[Ads-l] Anatoly Liberman writes:

Stephen Goranson goranson at DUKE.EDU
Tue Feb 3 17:12:49 UTC 2015


I commented on Anatoly Liberman's blog post of 29 Nov. 2014, on the same day:

"A brief look takes the game “hull gull” back at least to 1807 (earlier than the examples in D.A.R.E.)–in The Remarks of Jeremiah Jingle (printed for the author, Hagerstown MD?). Since several early descriptions refer to chestnuts and similar objects that have hulls, concealed in a hand, one option may be that it refers to a gull (one who may be fooled) guessing the number of hulls of the nuts (or similar objects) in the hand of the challenger–the rhyme being serendipitous."
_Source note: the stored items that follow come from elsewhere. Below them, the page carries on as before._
lemma blk_pcol_mult_odd:
  assumes "Z \<in> carrier_mat n n" "i < m" "odd i"
  shows "blk n i (pcol n m a k * Z) = 0\<^sub>m n n"
proof (rule eq_matI)
  fix r c assume "r < dim_row (0\<^sub>m n n :: 'a mat)" "c < dim_col (0\<^sub>m n n :: 'a mat)"
  then have rc: "r < n" "c < n" by auto
  have "pcol n m a k $$ (i*n + r, t) = 0" if "t < n" for t
    using assms(2,3) rc that block_index_less[OF assms(2) rc(1)]
    by (simp add: pcol_def blockcol_def)
  then show "blk n i (pcol n m a k * Z) $$ (r,c) = 0\<^sub>m n n $$ (r,c)"
    using rc block_index_less[OF assms(2) rc(1)]
    by (simp add: blk_def index_mult_mat_sum[OF pcol_carrier assms(1)] del: index_mult_mat)
qed (auto simp: blk_def)

lemma blk_rcol_even:
  assumes "i < m" "even i"
  shows "blk n i (rcol n m a k) = 0\<^sub>m n n"
  using assms block_index_less[OF assms(1)]
  by (intro eq_matI) (auto simp: blk_def rcol_def blockcol_def)

lemma blk_odd_pcol_Gam:
  assumes "Z \<in> carrier_mat n n" "Y \<in> carrier_mat (m*n) n" "Suc j < m" "even j"
  shows "blk n (Suc j) (pcol n m a k * Z + Gam n m * Y) = blk n j Y"
proof -
  have "blk n (Suc j) (pcol n m a k * Z + Gam n m * Y)
      = blk n (Suc j) (pcol n m a k * Z) + blk n (Suc j) (Gam n m * Y)"
    by (rule blk_add[OF mult_carrier_mat[OF pcol_carrier assms(1)]
          mult_carrier_mat[OF Gam_carrier assms(2)] assms(3)])
  also have "\<dots> = 0\<^sub>m n n + blk n j Y"
    using assms by (simp add: blk_pcol_mult_odd blk_Gam_mult_Suc)
  finally show ?thesis by (simp add: blk_def)
qed

definition even_blocks_vanish :: "nat \<Rightarrow> nat \<Rightarrow> 'a::comm_ring_1 mat \<Rightarrow> bool" where
  "even_blocks_vanish n m X \<longleftrightarrow> (\<forall>i<m. even i \<longrightarrow> blk n i X = 0\<^sub>m n n)"

lemma Gev_even_blocks_vanish: "even_blocks_vanish n m (Gev n m a k l)"
proof (induction l arbitrary: k)
  case 0
  show ?case by (simp add: even_blocks_vanish_def blk_rcol_even)
next
  case (Suc l)
  let ?Y = "Gev n m a (k+2) l"
  let ?X = "pcol n m a (k+1) * lastblk n m ?Y + Gam n m * ?Y"
  have X: "?X \<in> carrier_mat (m*n) n"
    using Gev_carrier[of n m a "k+2" l] by (intro carrier_matI) auto
  have "blk n i (Gam n m * ?X) = 0\<^sub>m n n" if "i < m" "even i" for i
  proof (cases i)
    case 0
    then show ?thesis using blk_Gam_mult_0[OF X] that by simp
  next
    case (Suc i')
    then obtain j where i: "i = Suc (Suc j)" using \<open>even i\<close> by (cases i') auto
    then have "blk n i (Gam n m * ?X) = blk n j ?Y"
      using that by (simp add: blk_Gam_mult_Suc[OF X] blk_odd_pcol_Gam)
    also have "\<dots> = 0\<^sub>m n n"
      using Suc.IH[of "k+2"] that i by (simp add: even_blocks_vanish_def)
    finally show ?thesis .
  qed
  then show ?case by (simp add: even_blocks_vanish_def)
qed

lemma lastblk_Ghat_eq_zero:
  assumes "2 \<le> m" "even m"
  shows "lastblk n m (Ghat n m a k l) = 0\<^sub>m n n"
proof -
  define j where "j = m - 2"
  have m: "m - 1 = Suc j" "Suc j < m" "even j"
    using assms unfolding j_def by presburger+
  have "lastblk n m (Ghat n m a k l) = blk n (Suc j) (Ghat n m a k l)"
    by (simp only: lastblk_eq_blk m(1))
  also have "\<dots> = blk n j (Gev n m a (k+1) l)"
    unfolding Ghat_def by (rule blk_odd_pcol_Gam[OF lastblk_carrier Gev_carrier m(2,3)])
  also have "\<dots> = 0\<^sub>m n n"
    using Gev_even_blocks_vanish[of n m a "k+1" l] m by (simp add: even_blocks_vanish_def)
  finally show ?thesis .
qed

lemma sum_last_block:
  fixes m n :: nat
  assumes "0 < m"
  shows "(\<Sum>t<m*n. if t div n = m - 1 then g t else 0) = (\<Sum>u<n. g ((m - 1)*n + u))"
proof -
  have "{t \<in> {..<m*n}. t div n = m - 1} = (\<lambda>u. (m - 1)*n + u) ` {..<n}"
  proof (intro equalityI subsetI)
    fix t assume "t \<in> {t \<in> {..<m*n}. t div n = m - 1}"
    then have t: "t div n = m - 1" "0 < n" by (auto intro: gr0I)
    then have "t = (m - 1)*n + t mod n" using div_mult_mod_eq[of t n] by simp
    then show "t \<in> (\<lambda>u. (m - 1)*n + u) ` {..<n}" by (rule image_eqI) (simp add: t(2))
  next
    fix t assume "t \<in> (\<lambda>u. (m - 1)*n + u) ` {..<n}"
    then obtain u where "u < n" "t = (m - 1)*n + u" by auto
    then show "t \<in> {t \<in> {..<m*n}. t div n = m - 1}"
      using block_index_less[of "m - 1" m u n] assms by auto
  qed
  then have "(\<Sum>t<m*n. if t div n = m - 1 then g t else 0) = sum g ((\<lambda>u. (m - 1)*n + u) ` {..<n})"
    by (simp add: sum.inter_filter[symmetric])
  also have "\<dots> = (\<Sum>u<n. g ((m - 1)*n + u))"
    by (subst sum.reindex) (auto simp: inj_on_def)
  finally show ?thesis .
qed
(* Consider the controlled impulsive system $\dot x(t)=Ax(t)+B_cu_c(t)$ for $t\ne t_k$, $x(t_k^+)=Jx(t_k)+B_du_d(t_k)$, with arbitrary real matrices $A,J\in\mathbb{R}^{n\times n}$, $B_c\in\mathbb{R}^{n\times m_c}$, $B_d\in\mathbb{R}^{n\times m_d}$. Assume there exist a diagonal matrix $X\in\mathbb{D}^n_{\succ0}$, matrices $U_c\in\mathbb{R}^{m_c\times n}$, $U_d\in\mathbb{R}^{m_d\times n}$ and a scalar $\alpha\in\mathbb{R}$ such that $AX+B_cU_c+\alpha I_n\ge0$, $JX+B_dU_d\ge0$, $(AX+B_cU_c)\mathbf{1}_n<0$ and $(JX+B_dU_d-X)\mathbf{1}_n<0$. Then, with $K_c=U_cX^{-1}$, $K_d=U_dX^{-1}$ and the state feedback $u_c(t)=K_cx(t)$, $u_d(t)=K_dx(t)$, the closed-loop system $\dot x=(A+B_cK_c)x$, $x(t_k^+)=(J+B_dK_d)x(t_k)$ is positive ($A+B_cK_c$ is Metzler and $J+B_dK_d$ is nonnegative) and asymptotically stable under arbitrary dwell-time.
   Context: $\mathbb{D}^n_{\succ0}$ denotes the set of $n\times n$ diagonal matrices with positive diagonal entries. Matrix and vector inequalities are entrywise; $\mathbf{1}_n$ is the vector of ones. $x(t^+)=\lim_{s\downarrow t}x(s)$; impulse times are strictly increasing with $t_k\to\infty$. A matrix is Metzler if its off-diagonal entries are nonnegative. Asymptotic stability under arbitrary dwell-time means global asymptotic stability of the zero solution for every impulse sequence with $t_{k+1}-t_k\in(0,\infty)$. *)

theory Defs
  imports "HOL-Analysis.Analysis"
begin

text \<open>Matrices are rendered as \<open>real^'c^'r\<close> (r rows, c columns).\<close>

definition metzler :: "real^'n^'n \<Rightarrow> bool" where
  "metzler M \<longleftrightarrow> (\<forall>i j. i \<noteq> j \<longrightarrow> M $ i $ j \<ge> 0)"
definition expo_add :: "expo \<Rightarrow> expo \<Rightarrow> expo" where
  "expo_add p q = (\<lambda>i. nadd (p i) (q i))"

text \<open>Elements of k[[X]]_Ntilde: coefficient functions on formal monomials
  (the coefficient of a non finitely supported exponent is meaningless; all
  series considered below vanish there).\<close>
type_synonym 'k ser = "expo \<Rightarrow> 'k"

definition ser_add :: "'k::comm_ring_1 ser \<Rightarrow> 'k ser \<Rightarrow> 'k ser" where
  "ser_add f g = (\<lambda>m. f m + g m)"

definition ser_mult :: "'k::comm_ring_1 ser \<Rightarrow> 'k ser \<Rightarrow> 'k ser" where
  "ser_mult f g = (\<lambda>m. if fin_supp m then
      (\<Sum>(p, q) \<in> {(p, q). expo_add p q = m}. f p * g q) else 0)"

definition is_comp :: "ntilde list \<Rightarrow> bool" where
  "is_comp \<gamma> \<longleftrightarrow> (\<forall>e \<in> set \<gamma>. e \<noteq> Num 0)"

text \<open>The monomial x_{i_1}^{g_1} ... x_{i_k}^{g_k}.\<close>
definition expo_of :: "nat list \<Rightarrow> ntilde list \<Rightarrow> expo" where
  "expo_of is \<gamma> = (\<lambda>x. case map_of (zip is \<gamma>) x of None \<Rightarrow> Num 0 | Some e \<Rightarrow> e)"

definition Mq :: "ntilde list \<Rightarrow> 'k::comm_ring_1 ser" where
  "Mq \<gamma> = (\<lambda>m. if (\<exists>is. length is = length \<gamma> \<and> sorted_wrt (<) is \<and> m = expo_of is \<gamma>)
               then 1 else 0)"

definition WCQSym :: "'k::comm_ring_1 ser set" where
  "WCQSym = {f. \<exists>S c. finite S \<and> (\<forall>\<gamma>\<in>S. is_comp \<gamma>) \<and>
                  f = (\<lambda>m. \<Sum>\<gamma>\<in>S. c \<gamma> * Mq \<gamma> m)}"

definition C_eps :: "ntilde list set" where
  "C_eps = {\<gamma>. is_comp \<gamma> \<and> \<gamma> \<noteq> [] \<and> hd \<gamma> = Eps}"

definition ideal_gen :: "'k::comm_ring_1 ser set \<Rightarrow> 'k ser set \<Rightarrow> 'k ser set" where
  "ideal_gen A B = {x. \<exists>(n::nat) a b. (\<forall>i<n. a i \<in> A \<and> b i \<in> B) \<and>
                        x = (\<lambda>m. \<Sum>i<n. ser_mult (a i) (b i) m)}"

end

theory Submission
  imports Defs
begin

text \<open>Peeling off the smallest variable of a monomial shows coefficientwise that
  \<open>M\<^sub>u M\<^sub>v\<close> is the sum of the \<open>M\<^sub>w\<close> over the quasi-shuffles \<open>w\<close> of \<open>u\<close> and \<open>v\<close>, where
  merged letters are added in \<open>\<tilde>\<nat>\<close>. For a nonempty prefix \<open>Q\<close> put
  \<open>P(Q, R) = M\<^sub>Q\<^sub>\<epsilon>\<^sub>R + M\<^sub>Q\<^sub>R\<close>. In the product \<open>M\<^sub>c\<^sub>\<alpha> M\<^sub>\<epsilon>\<^sub>R\<close>, which lies in the ideal,
  the terms beginning with \<open>\<epsilon>\<close> are generators, and since \<open>c + \<epsilon> = c\<close> the remaining
  terms are the \<open>M\<^sub>c\<^sub>w\<close> with \<open>w\<close> a quasi-shuffle of \<open>\<alpha>\<close> with \<open>\<epsilon>R\<close> or with \<open>R\<close>.
  Moving the letters of \<open>\<alpha>\<close> one at a time into the prefix changes such a sum only by
  sums of \<open>P(Q', X)\<close> with shorter prefixes \<open>Q'\<close>, so induction on the length of the
  prefix puts every \<open>P(Q, R)\<close> into the ideal.\<close>

lemma nadd_eq_Num0_iff: "nadd x y = Num 0 \<longleftrightarrow> x = Num 0 \<and> y = Num 0"
  by (cases x; cases y) auto

lemma nadd_Num0_left [simp]: "nadd (Num 0) y = y"
  by (cases y) auto

lemma nadd_Num0_right [simp]: "nadd x (Num 0) = x"
  by (cases x) auto

lemma nadd_Eps_right: "x \<noteq> Num 0 \<Longrightarrow> nadd x Eps = x"
  by (cases x) auto

lemma is_comp_Nil [simp]: "is_comp []"
  by (simp add: is_comp_def)

lemma is_comp_Cons [simp]: "is_comp (x # u) \<longleftrightarrow> x \<noteq> Num 0 \<and> is_comp u"
  by (auto simp: is_comp_def)

lemma is_comp_append [simp]: "is_comp (u @ v) \<longleftrightarrow> is_comp u \<and> is_comp v"
  by (auto simp: is_comp_def)

lemma is_comp_tl: "is_comp u \<Longrightarrow> is_comp (tl u)"
  by (cases u) auto

fun quasi_shuffles :: "ntilde list \<Rightarrow> ntilde list \<Rightarrow> ntilde list list" where
  "quasi_shuffles [] v = [v]"
| "quasi_shuffles u [] = [u]"
| "quasi_shuffles (x # u) (y # v) =
     map ((#) x) (quasi_shuffles u (y # v)) @ map ((#) y) (quasi_shuffles (x # u) v)
     @ map ((#) (nadd x y)) (quasi_shuffles u v)"

lemma quasi_shuffles_Nil_right [simp]: "quasi_shuffles u [] = [u]"
  by (cases u) auto

lemma is_comp_quasi_shuffles:
  "is_comp u \<Longrightarrow> is_comp v \<Longrightarrow> \<forall>w \<in> set (quasi_shuffles u v). is_comp w"
proof (induction u v rule: quasi_shuffles.induct)
  case (3 x u y v)
  have xy: "x \<noteq> Num 0" "y \<noteq> Num 0" and uv: "is_comp u" "is_comp v"
    using "3.prems" by auto
  have "nadd x y \<noteq> Num 0" using xy by (simp add: nadd_eq_Num0_iff)
  moreover have "\<forall>w \<in> set (quasi_shuffles u (y # v)). is_comp w" using "3.IH"(1) uv xy by simp
  moreover have "\<forall>w \<in> set (quasi_shuffles (x # u) v). is_comp w" using "3.IH"(2) uv xy by simp
  moreover have "\<forall>w \<in> set (quasi_shuffles u v). is_comp w" using "3.IH"(3) uv by simp
  ultimately show ?case using xy by (simp only: quasi_shuffles.simps set_append set_map) auto
qed simp_all

lemma quasi_shuffles_ne_Nil:
  "u \<noteq> [] \<or> v \<noteq> [] \<Longrightarrow> w \<in> set (quasi_shuffles u v) \<Longrightarrow> w \<noteq> []"
  by (cases u; cases v) auto

lemma expo_of_Nil [simp]: "expo_of [] \<gamma> = (\<lambda>_. Num 0)"
  by (simp add: expo_of_def)

lemma expo_of_Cons: "expo_of (j # js) (c # \<gamma>) = (expo_of js \<gamma>)(j := c)"
  by (auto simp: expo_of_def fun_eq_iff)

lemma expo_of_notin: "k \<notin> set is \<Longrightarrow> expo_of is \<gamma> k = Num 0"
proof -
  assume "k \<notin> set is"
  then have "map_of (zip is \<gamma>) k = None"
    by (auto simp: map_of_eq_None_iff dest: set_zip_leftD)
  then show ?thesis by (simp add: expo_of_def)
qed

lemma expo_of_eq_Num0_iff:
  assumes "is_comp \<gamma>" and "length is = length \<gamma>"
  shows "expo_of is \<gamma> k = Num 0 \<longleftrightarrow> k \<notin> set is"
  using assms
proof (induction "is" arbitrary: \<gamma>)
  case (Cons j js)
  then obtain c \<gamma>' where "\<gamma> = c # \<gamma>'" by (cases \<gamma>) auto
  with Cons show ?case by (auto simp: expo_of_Cons)
qed simp

definition is_Mq_term :: "ntilde list \<Rightarrow> expo \<Rightarrow> bool" where
  "is_Mq_term \<gamma> m \<longleftrightarrow> (\<exists>is. length is = length \<gamma> \<and> sorted_wrt (<) is \<and> m = expo_of is \<gamma>)"

lemma Mq_eq: "Mq \<gamma> m = (if is_Mq_term \<gamma> m then 1 else 0)"
  by (simp add: Mq_def is_Mq_term_def)

lemma is_Mq_term_Nil: "is_Mq_term [] m \<longleftrightarrow> m = (\<lambda>_. Num 0)"
  by (simp add: is_Mq_term_def)

lemma is_Mq_term_fin_supp: "is_Mq_term \<gamma> m \<Longrightarrow> fin_supp m"
proof -
  assume "is_Mq_term \<gamma> m"
  then obtain "is" where "m = expo_of is \<gamma>" by (auto simp: is_Mq_term_def)
  then have "{i. m i \<noteq> Num 0} \<subseteq> set is" using expo_of_notin by blast
  then show ?thesis unfolding fin_supp_def by (rule finite_subset) simp
qed

lemma not_is_Mq_term_zero:
  assumes "is_comp \<gamma>" and "\<gamma> \<noteq> []"
  shows "\<not> is_Mq_term \<gamma> (\<lambda>_. Num 0)"
proof
  assume "is_Mq_term \<gamma> (\<lambda>_. Num 0)"
  then obtain "is" where len: "length is = length \<gamma>" and eq: "(\<lambda>_. Num 0) = expo_of is \<gamma>"
    by (auto simp: is_Mq_term_def)
  from len assms(2) obtain k where "k \<in> set is" by (cases "is") auto
  then show False
    using expo_of_eq_Num0_iff[OF assms(1) len, of k] fun_cong[OF eq, of k] by simp
qed
(* For any diagonal section $\delta$ and all $x,y\in[0,1]$, $$\overline{C}_\delta(x,y)=\min\left\{x,\;y,\;\max\{x,y\}-\frac12\left(\widehat{\delta}(x)+\widehat{\delta}(y)+\mathrm{TV}_{\min\{x,y\}}^{\max\{x,y\}}(\widehat{\delta})\right)\right\}.$$
   Context: $\mathbb{I}=[0,1]$. A (bivariate) copula is a function $C\colon\mathbb{I}^2\to\mathbb{I}$ with $C(x,0)=C(0,y)=0$, $C(x,1)=x$, $C(1,y)=y$ for all $x,y$, and $C(b,d)+C(a,c)-C(b,c)-C(a,d)\ge 0$ for all $a\le b$, $c\le d$. A diagonal section is a function $\delta\colon\mathbb{I}\to\mathbb{I}$ with $\delta(x)\le x$ for all $x$, $0\le\delta(y)-\delta(x)\le 2(y-x)$ whenever $x\le y$, and $\delta(1)=1$. Write $\widehat{\delta}(x)=x-\delta(x)$, and $\mathrm{TV}_x^y(f)$ for the total variation of $f$ on $[x,y]$ ($x\le y$). Define $\overline{C}_\delta(x,y)=\sup\{C(x,y): C \text{ a copula with } C(t,t)=\delta(t)\ \forall t\in\mathbb{I}\}$. *)

theory Defs
  imports "HOL-Analysis.Analysis"
begin

definition copula :: "(real \<Rightarrow> real \<Rightarrow> real) \<Rightarrow> bool" where
  "copula C \<longleftrightarrow>
     (\<forall>x\<in>{0..1}. \<forall>y\<in>{0..1}. C x y \<in> {0..1}) \<and>
     (\<forall>x\<in>{0..1}. C x 0 = 0 \<and> C 0 x = 0 \<and> C x 1 = x \<and> C 1 x = x) \<and>
     (\<forall>a\<in>{0..1}. \<forall>b\<in>{0..1}. \<forall>c\<in>{0..1}. \<forall>d\<in>{0..1}.
        a \<le> b \<longrightarrow> c \<le> d \<longrightarrow> C b d + C a c - C b c - C a d \<ge> 0)"

definition diagonal_section :: "(real \<Rightarrow> real) \<Rightarrow> bool" where
  "diagonal_section \<delta> \<longleftrightarrow>
     (\<forall>x\<in>{0..1}. \<delta> x \<in> {0..1} \<and> \<delta> x \<le> x) \<and>
     (\<forall>x\<in>{0..1}. \<forall>y\<in>{0..1}. x \<le> y \<longrightarrow> 0 \<le> \<delta> y - \<delta> x \<and> \<delta> y - \<delta> x \<le> 2 * (y - x)) \<and>
     \<delta> 1 = 1"

definition delta_hat :: "(real \<Rightarrow> real) \<Rightarrow> real \<Rightarrow> real" where
  "delta_hat \<delta> x = x - \<delta> x"

definition total_variation :: "(real \<Rightarrow> real) \<Rightarrow> real \<Rightarrow> real \<Rightarrow> real" where
  "total_variation f x y =
     Sup {(\<Sum>i<n. \<bar>f (t (Suc i)) - f (t i)\<bar>) | n t.
            t 0 = x \<and> t n = y \<and> (\<forall>i<n. t i \<le> t (Suc i))}"

definition upper_copula :: "(real \<Rightarrow> real) \<Rightarrow> real \<Rightarrow> real \<Rightarrow> real" where
  "upper_copula \<delta> x y =
     Sup {C x y | C. copula C \<and> (\<forall>t\<in>{0..1}. C t t = \<delta> t)}"

end

theory Submission
  imports Defs
begin

text \<open>Write \<open>h = delta_hat \<delta>\<close>. For a copula \<open>C\<close> with diagonal \<open>\<delta>\<close>, the 2-increasing
  property on the rectangles \<open>[p,q]\<times>[q,r]\<close>, \<open>[q,r]\<times>[0,r]\<close> and \<open>[q,1]\<times>[q,r]\<close> shows that
  \<open>\<phi>(p,r) = 2r - 2C(p,r) - h(p) - h(r)\<close> is superadditive along chains \<open>p \<le> q \<le> r\<close> and
  dominates \<open>|h(r) - h(q)|\<close>; summing over a partition of \<open>[x,y]\<close> bounds the total variation
  of \<open>h\<close> on \<open>[x,y]\<close> by \<open>\<phi>(x,y)\<close>, which is the upper bound.
  The bound is attained: if \<open>N(u)\<close> is the negative variation of \<open>h\<close> on \<open>[0,u]\<close>, then \<open>N\<close> and
  \<open>\<delta> - N\<close> are nondecreasing and 1-Lipschitz, so \<open>min(u, v, N(u) + \<delta>(v) - N(v))\<close> is a copula
  with diagonal \<open>\<delta>\<close>; by additivity of the variation it equals the bound for \<open>u \<le> v\<close>, and
  its transpose covers \<open>u > v\<close>.\<close>

section \<open>Total variation\<close>

definition is_partition :: "real \<Rightarrow> real \<Rightarrow> nat \<Rightarrow> (nat \<Rightarrow> real) \<Rightarrow> bool" where
  "is_partition x y n t \<longleftrightarrow> t 0 = x \<and> t n = y \<and> (\<forall>i<n. t i \<le> t (Suc i))"
(* Let $T$ be a block: tetrahedra $\Delta_1,\dots,\Delta_n$ all sharing a common edge $e$ with endpoints $x_1,x_2$, arranged cyclically around $e$, where for $i=1,\dots,n$ the tetrahedra $\Delta_i$ and $\Delta_{i+1}$ (indices mod $n$) are glued along a face $F_i$ containing $e$, and $e$ is not on the boundary. Let $N$ be normal coordinates on $T$ satisfying the matching equations. Build a directed graph $G$ with vertices $u_0,\dots,u_n,w_0,\dots,w_n$, where $u_i$ (resp. $w_i$) represents the normal arcs in $F_i$ crossing $e$ and separating $x_1$ (resp. $x_2$) from the other two vertices of $F_i$ (with $F_0=F_n$, but $u_0\neq u_n$ and $w_0\neq w_n$ as vertices of $G$). For each $i=1,\dots,n$, and each normal disk type in $\Delta_i$ meeting $e$, add one directed edge from the vertex of index $i-1$ corresponding to its arc in $F_{i-1}$ to the vertex of index $i$ corresponding to its arc in $F_i$ (so: triangle at $x_1$ gives $u_{i-1}\to u_i$, triangle at $x_2$ gives $w_{i-1}\to w_i$, and the two quadrilaterals meeting $e$ give $u_{i-1}\to w_i$ and $w_{i-1}\to u_i$), with capacity equal to the corresponding normal coordinate. Let $s_1=u_0$ and $t_1=u_n$. Then $N$ is immersible if and only if the maximum flow in $G$ from $s_1$ to $t_1$ equals the sum of the capacities of the edges leaving $s_1$.
   Context: In a tetrahedron there are 7 normal disk types: 4 triangles (separating one vertex from the other three) and 3 quadrilaterals (separating two vertices from the other two); normal coordinates give the number of disks of each type in each tetrahedron. For a glued face and a normal arc type in it, the matching equation says the total number of disks (triangle plus quadrilateral) producing that arc on one side equals that on the other side. Placing the prescribed disks in general position (they may intersect), a global gluing is a choice, for each arc type in each glued face, of a bijection between disks on the two sides with that arc type; the glued result is a singular normal surface. $N$ is immersible if some global gluing yields an immersed surface, i.e., one with no branch point; in a block, a branch point occurs exactly when some closed curve formed by the glued normal disks meeting $e$ winds more than once around $e$. A flow from $s$ to $t$ in a directed graph with nonnegative integer capacities is a collection of directed $s$–$t$ paths using each edge $a$ at most $c(a)$ times; a maximum flow maximizes the number of paths. *)

theory Defs
  imports Main "HOL-Library.Multiset"
begin

text \<open>Each tetrahedron of the block has vertices labelled 0 = x1, 1 = x2,
 2 = p (the third vertex of its "previous" glued face) and 3 = q (the third vertex
 of its "next" glued face).  So the previous face is {0,1,2}, the next face is {0,1,3},
 and the common edge e is {0,1}.
 Disk types: triangles T k (separating vertex k) and quadrilaterals
 Q01 = {0,1}|{2,3}, Q02 = {0,2}|{1,3}, Q03 = {0,3}|{1,2}.\<close>

datatype disk = T0 | T1 | T2 | T3 | Q01 | Q02 | Q03

text \<open>Normal arc types in a glued face (containing e) are labelled by the vertex
 of the face they separate: 0 = x1, 1 = x2, 2 = the third vertex of the face.
 arc_prev d / arc_next d: the arc type that disk type d produces in the previous /
 next face (None if d does not meet that face).\<close>

fun arc_prev :: "disk \<Rightarrow> nat option" where
  "arc_prev T0 = Some 0" | "arc_prev T1 = Some 1" | "arc_prev T2 = Some 2"
| "arc_prev T3 = None" | "arc_prev Q01 = Some 2" | "arc_prev Q02 = Some 1"
| "arc_prev Q03 = Some 0"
Yes, the 1807 text refers to a game. The text (unpaginated) is available at Google Books:


I imagine that the guessing game name likely influenced the record and dance name, but I have no proof.

Stephen Goranson

From: American Dialect Society <ADS-L at LISTSERV.UGA.EDU> on behalf of Wilson Gray <hwgray at GMAIL.COM>
Sent: Tuesday, February 3, 2015 11:28 AM
Subject: [ADS-L] Anatoly Liberman writes:

"I was also delighted to see Stephen Goranson’s antedating of hully gully.
Unfortunately, I do not know this word’s etymology and have little chance
of ever discovering it, but I will risk repeating my tentative idea.
Wherever the name of this
was coined..."

When did you date "fully gully" to, Stephen? Was the dated "hully gully" a
*game*, as Lieberman says? Is there any connection between the game and the
*dance*, "hully gully," and/or the record, "(Baby) Hully Gully," that you
know of?

All say, "How hard it is that we have to die!"---a strange complaint to
come from the mouths of people who have had to live.